* **YOUR OBJECTIVE**:
Return all lines of the records that contain the word "open".

* **RECORD EXTRACTS**:

lemma gr_map_sc: "c \<in> Ov \<Longrightarrow> x \<in> A \<Longrightarrow> gr_map (sc c x) = grsmul sc F c (gr_map x)"
proof (rule ext)
  fix r assume c: "c \<in> Ov"
  have "grsmul sc F c (gr_map x) r = coset (F (Suc r)) (sc c (hcomp r x))"
    unfolding grsmul_def gr_map_def
  proof (rule additive_image_coset[OF F_add_subgroup])
    show "u \<in> F (Suc r) \<Longrightarrow> sc c u \<in> F (Suc r)" for u
      unfolding ratil_eq_A_Int_deg_ge using A_sc[OF c] deg_ge_sc by blast
    show "sc c (u + v) = sc c u + sc c v" for u v by (rule vs_simps(4)[OF sc_vs_axioms])
  qed
  then show "gr_map (sc c x) r = grsmul sc F c (gr_map x) r"
    unfolding gr_map_def by (simp add: hcomp_sc)
qed

lemma gr_map_single: "x \<in> aa r \<Longrightarrow> gr_map x = grsingle F r x"
proof (rule ext)
  fix n assume "x \<in> aa r"
  then have "x \<in> gK r" using aa_gK by blast
  then have h: "hcomp n x = (if n = r then x else 0)" by (rule hcomp_homog)
  show "gr_map x n = grsingle F r x n"
    unfolding gr_map_def grsingle_def h by (simp add: coset_zero)
qed

end

section \<open>Tight lattices\<close>

locale graded_order_lattice = graded_order sc gK Ov A aa for sc :: "'k::field \<Rightarrow> 'a::ring_1 \<Rightarrow> 'a" and gK Ov A aa +
  fixes scm :: "'k \<Rightarrow> 'm::ab_group_add \<Rightarrow> 'm" and act :: "'a \<Rightarrow> 'm \<Rightarrow> 'm" and M :: "'m set"
  assumes kmod_act: "kmod sc scm act" and is_lattice_M: "is_lattice Ov scm act A M"
begin

lemma scm_vs_axioms: "vs_axioms scm" using kmod_act unfolding kmod_def by blast

lemma act_one: "act 1 m = m" using kmod_act unfolding kmod_def by blast
lemma act_mul: "act (x * y) m = act x (act y m)" using kmod_act unfolding kmod_def by blast
lemma act_addl: "act (x + y) m = act x m + act y m" using kmod_act unfolding kmod_def by blast
lemma act_addr: "act x (m + n) = act x m + act x n" using kmod_act unfolding kmod_def by blast

lemma act_zerol: "act 0 m = 0" using act_addl[of 0 0 m] by simp
lemma act_zeror: "act x 0 = 0" using act_addr[of x 0 0] by simp
lemma act_negl: "act (- x) m = - act x m"
proof -
  have "act (- x) m + act x m = 0" using act_addl[of "-x" x m] act_zerol by simp
  then show ?thesis by (simp add: eq_neg_iff_add_eq_0)
qed

lemma M_add_subgroup: "add_subgroup M"
  using is_lattice_M submod_add_subgroup[OF scm_vs_axioms _ minus_one_in_Ov] unfolding is_lattice_def by blast

lemma M_act: "x \<in> A \<Longrightarrow> m \<in> M \<Longrightarrow> act x m \<in> M"
  using is_lattice_M unfolding is_lattice_def by blast

abbreviation R :: "nat \<Rightarrow> 'm set" where "R \<equiv> radM act M"

definition rad_gens :: "nat \<Rightarrow> 'm set" where "rad_gens r = {act x m | x m. x \<in> deg_ge r}"

lemma R_eq_Int_addspan: "R r = M \<inter> addspan (rad_gens r)"
  unfolding radM_def rad_gens_def by (simp add: idpow_jrad_eq_deg_ge)

definition sumge_M :: "nat \<Rightarrow> 'm set" where
  "sumge_M r = addspan {act x m | x m. x \<in> sumge aa r \<and> m \<in> M}"

lemma sumge_M_eq: "sumge_M r = addspan {act x m | x m. x \<in> A \<inter> deg_ge r \<and> m \<in> M}"
  unfolding sumge_M_def sumge_aa_eq ..

lemma R_add_subgroup: "add_subgroup (R r)"
  unfolding R_eq_Int_addspan by (rule add_subgroup_Int[OF M_add_subgroup add_subgroup_addspan])
text \<open>Procedure 2 only ever adds to the current tree T a tree T' of the graph in which T is
  contracted to the root. Such a union is again a tree: walks of T' lift to G through the
  connected T, and contraction turns the edges of T into loops, so a cycle of the union would
  leave a closed trail in T'. It remains to see that the core C_0 is processed, since flows are
  integral and every demand node sends at least one unit over the first edge of its path, so
  C_0 contains all demand nodes. The buy-cost scan keeps index 0 first, and every later index i
  it keeps has B_i < B_{i-1}. That forces R_i > 0: if T_i rents nothing, then
  M_{i-1} B_{i-1} \<le> A_{i-1}(T_{i-1}) \<le> A_{i-1}(T_i) \<le> M_{i-1} B_i by step (3).
  As R_0 = 0, the rent scan, which ends at index 0, selects it.\<close>

section \<open>Walks\<close>

lemma iswalk_length: "iswalk F en vs es \<Longrightarrow> length vs = Suc (length es)"
  by (induction F en vs es rule: iswalk.induct) auto

lemma iswalk_nonempty: "iswalk F en vs es \<Longrightarrow> vs \<noteq> []"
  using iswalk_length by fastforce

lemma iswalk_edges: "iswalk F en vs es \<Longrightarrow> set es \<subseteq> F"
  by (induction F en vs es rule: iswalk.induct) auto

lemma iswalk_edges_subset: "iswalk F en vs es \<Longrightarrow> set es \<subseteq> F' \<Longrightarrow> iswalk F' en vs es"
  by (induction F en vs es rule: iswalk.induct) auto

lemma iswalk_mono: "iswalk F en vs es \<Longrightarrow> F \<subseteq> F' \<Longrightarrow> iswalk F' en vs es"
  by (metis iswalk_edges iswalk_edges_subset subset_trans)

lemma iswalk_append:
  "iswalk F en vs es \<Longrightarrow> iswalk F en ws fs \<Longrightarrow> last vs = hd ws \<Longrightarrow> iswalk F en (vs @ tl ws) (es @ fs)"
proof (induction F en vs es rule: iswalk.induct)
  case (1 F en u)
  then show ?case using iswalk_nonempty[OF 1(1)] by (cases ws) auto
qed auto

* **SOLVED EXERCISE**:
section \<open>Tight lattices\<close>
text \<open>Procedure 2 only ever adds to the current tree T a tree T' of the graph in which T is
section \<open>Walks\<close>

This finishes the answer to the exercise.